**Goal of the exercise**
In the entries below, which lines run from the one containing "theory Defs" to the one containing "y \<in> S2 \<and>"? Copy exactly those lines, ends included, and no others.

== Segment start ==

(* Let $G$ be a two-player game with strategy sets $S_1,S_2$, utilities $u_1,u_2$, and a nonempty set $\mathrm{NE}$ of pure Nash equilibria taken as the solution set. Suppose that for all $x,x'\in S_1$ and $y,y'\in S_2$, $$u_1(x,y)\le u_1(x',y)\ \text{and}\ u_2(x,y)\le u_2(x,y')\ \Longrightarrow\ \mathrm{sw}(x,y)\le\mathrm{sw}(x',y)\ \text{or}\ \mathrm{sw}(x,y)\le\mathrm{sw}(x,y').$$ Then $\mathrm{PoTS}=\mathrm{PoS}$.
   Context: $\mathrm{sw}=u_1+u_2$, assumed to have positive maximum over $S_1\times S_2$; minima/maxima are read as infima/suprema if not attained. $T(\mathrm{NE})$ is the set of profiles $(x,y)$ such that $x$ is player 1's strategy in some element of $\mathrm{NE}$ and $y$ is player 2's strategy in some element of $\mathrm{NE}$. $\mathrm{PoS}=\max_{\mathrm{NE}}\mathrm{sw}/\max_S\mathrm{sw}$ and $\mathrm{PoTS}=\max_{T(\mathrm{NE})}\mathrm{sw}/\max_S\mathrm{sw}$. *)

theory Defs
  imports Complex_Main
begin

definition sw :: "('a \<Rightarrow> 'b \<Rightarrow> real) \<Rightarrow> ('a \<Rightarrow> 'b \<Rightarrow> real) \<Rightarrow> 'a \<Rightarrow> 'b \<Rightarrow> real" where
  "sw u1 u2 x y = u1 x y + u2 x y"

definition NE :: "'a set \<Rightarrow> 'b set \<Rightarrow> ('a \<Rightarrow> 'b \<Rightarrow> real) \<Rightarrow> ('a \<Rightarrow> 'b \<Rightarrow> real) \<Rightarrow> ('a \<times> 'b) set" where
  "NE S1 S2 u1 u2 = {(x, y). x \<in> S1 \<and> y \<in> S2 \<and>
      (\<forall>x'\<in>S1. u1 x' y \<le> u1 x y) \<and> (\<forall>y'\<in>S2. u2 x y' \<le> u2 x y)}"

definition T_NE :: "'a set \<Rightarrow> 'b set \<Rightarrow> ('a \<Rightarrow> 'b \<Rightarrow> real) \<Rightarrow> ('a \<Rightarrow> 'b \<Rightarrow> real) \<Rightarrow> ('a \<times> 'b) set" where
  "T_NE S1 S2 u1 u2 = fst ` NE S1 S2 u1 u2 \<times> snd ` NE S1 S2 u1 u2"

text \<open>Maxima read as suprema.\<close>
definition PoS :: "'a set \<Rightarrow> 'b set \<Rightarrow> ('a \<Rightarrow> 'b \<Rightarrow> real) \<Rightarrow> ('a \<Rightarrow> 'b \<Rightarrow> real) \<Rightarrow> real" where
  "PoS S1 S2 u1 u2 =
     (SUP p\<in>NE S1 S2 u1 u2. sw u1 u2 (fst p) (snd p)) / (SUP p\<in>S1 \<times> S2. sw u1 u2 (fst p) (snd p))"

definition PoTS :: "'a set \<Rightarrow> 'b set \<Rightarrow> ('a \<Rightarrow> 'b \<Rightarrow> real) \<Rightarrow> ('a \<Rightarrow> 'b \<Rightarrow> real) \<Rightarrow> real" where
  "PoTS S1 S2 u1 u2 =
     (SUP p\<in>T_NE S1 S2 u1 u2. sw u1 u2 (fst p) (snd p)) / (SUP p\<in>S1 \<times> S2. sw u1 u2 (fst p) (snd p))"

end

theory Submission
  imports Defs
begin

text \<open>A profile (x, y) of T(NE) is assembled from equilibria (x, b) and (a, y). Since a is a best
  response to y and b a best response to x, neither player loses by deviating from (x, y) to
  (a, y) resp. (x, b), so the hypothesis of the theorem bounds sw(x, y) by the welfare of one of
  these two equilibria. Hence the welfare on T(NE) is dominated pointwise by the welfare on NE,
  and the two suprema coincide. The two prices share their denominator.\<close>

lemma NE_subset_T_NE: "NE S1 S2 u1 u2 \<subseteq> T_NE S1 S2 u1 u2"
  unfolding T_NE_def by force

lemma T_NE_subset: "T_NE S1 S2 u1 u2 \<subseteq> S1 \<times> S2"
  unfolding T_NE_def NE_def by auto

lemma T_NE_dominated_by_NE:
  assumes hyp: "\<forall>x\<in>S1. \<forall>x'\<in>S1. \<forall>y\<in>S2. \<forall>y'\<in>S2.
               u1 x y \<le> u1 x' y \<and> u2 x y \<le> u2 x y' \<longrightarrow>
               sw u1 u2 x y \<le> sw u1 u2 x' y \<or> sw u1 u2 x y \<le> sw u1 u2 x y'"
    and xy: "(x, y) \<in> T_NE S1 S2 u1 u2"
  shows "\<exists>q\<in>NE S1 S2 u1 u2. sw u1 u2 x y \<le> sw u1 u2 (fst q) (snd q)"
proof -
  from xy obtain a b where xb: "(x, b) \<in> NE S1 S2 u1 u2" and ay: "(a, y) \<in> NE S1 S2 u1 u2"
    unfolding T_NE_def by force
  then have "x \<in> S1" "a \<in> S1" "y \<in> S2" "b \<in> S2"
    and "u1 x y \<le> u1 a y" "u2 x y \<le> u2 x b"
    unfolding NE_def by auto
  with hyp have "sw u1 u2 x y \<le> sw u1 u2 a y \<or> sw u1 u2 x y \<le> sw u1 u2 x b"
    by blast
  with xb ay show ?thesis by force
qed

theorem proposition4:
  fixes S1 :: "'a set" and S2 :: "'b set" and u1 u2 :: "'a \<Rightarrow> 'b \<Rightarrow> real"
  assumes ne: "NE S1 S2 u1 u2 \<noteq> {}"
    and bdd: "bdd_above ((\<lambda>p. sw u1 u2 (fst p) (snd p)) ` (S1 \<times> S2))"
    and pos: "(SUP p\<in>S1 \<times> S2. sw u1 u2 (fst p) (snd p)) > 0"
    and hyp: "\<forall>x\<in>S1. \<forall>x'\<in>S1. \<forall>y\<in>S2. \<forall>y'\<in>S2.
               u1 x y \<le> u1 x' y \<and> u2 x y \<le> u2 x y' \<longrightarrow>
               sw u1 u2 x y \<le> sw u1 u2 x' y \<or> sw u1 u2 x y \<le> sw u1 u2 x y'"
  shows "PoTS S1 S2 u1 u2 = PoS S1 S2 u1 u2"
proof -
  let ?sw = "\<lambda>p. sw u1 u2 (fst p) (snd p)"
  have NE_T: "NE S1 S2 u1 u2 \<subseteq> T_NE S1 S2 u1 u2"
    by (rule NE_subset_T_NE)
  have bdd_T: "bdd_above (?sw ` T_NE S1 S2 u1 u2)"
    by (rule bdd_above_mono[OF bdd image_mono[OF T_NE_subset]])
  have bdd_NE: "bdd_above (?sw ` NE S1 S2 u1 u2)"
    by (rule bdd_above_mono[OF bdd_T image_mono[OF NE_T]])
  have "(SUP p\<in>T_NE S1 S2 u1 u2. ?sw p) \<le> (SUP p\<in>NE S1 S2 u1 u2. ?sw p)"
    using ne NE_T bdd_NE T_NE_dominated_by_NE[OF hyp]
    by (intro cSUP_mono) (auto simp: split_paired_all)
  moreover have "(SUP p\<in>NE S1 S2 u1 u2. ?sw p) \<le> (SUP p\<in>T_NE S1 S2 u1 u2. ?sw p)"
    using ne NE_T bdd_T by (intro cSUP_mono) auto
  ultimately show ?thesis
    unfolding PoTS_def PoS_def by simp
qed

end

== Segment end ==

**Output below**
theory Defs
  imports Complex_Main
begin

definition sw :: "('a \<Rightarrow> 'b \<Rightarrow> real) \<Rightarrow> ('a \<Rightarrow> 'b \<Rightarrow> real) \<Rightarrow> 'a \<Rightarrow> 'b \<Rightarrow> real" where
  "sw u1 u2 x y = u1 x y + u2 x y"

definition NE :: "'a set \<Rightarrow> 'b set \<Rightarrow> ('a \<Rightarrow> 'b \<Rightarrow> real) \<Rightarrow> ('a \<Rightarrow> 'b \<Rightarrow> real) \<Rightarrow> ('a \<times> 'b) set" where
  "NE S1 S2 u1 u2 = {(x, y). x \<in> S1 \<and> y \<in> S2 \<and>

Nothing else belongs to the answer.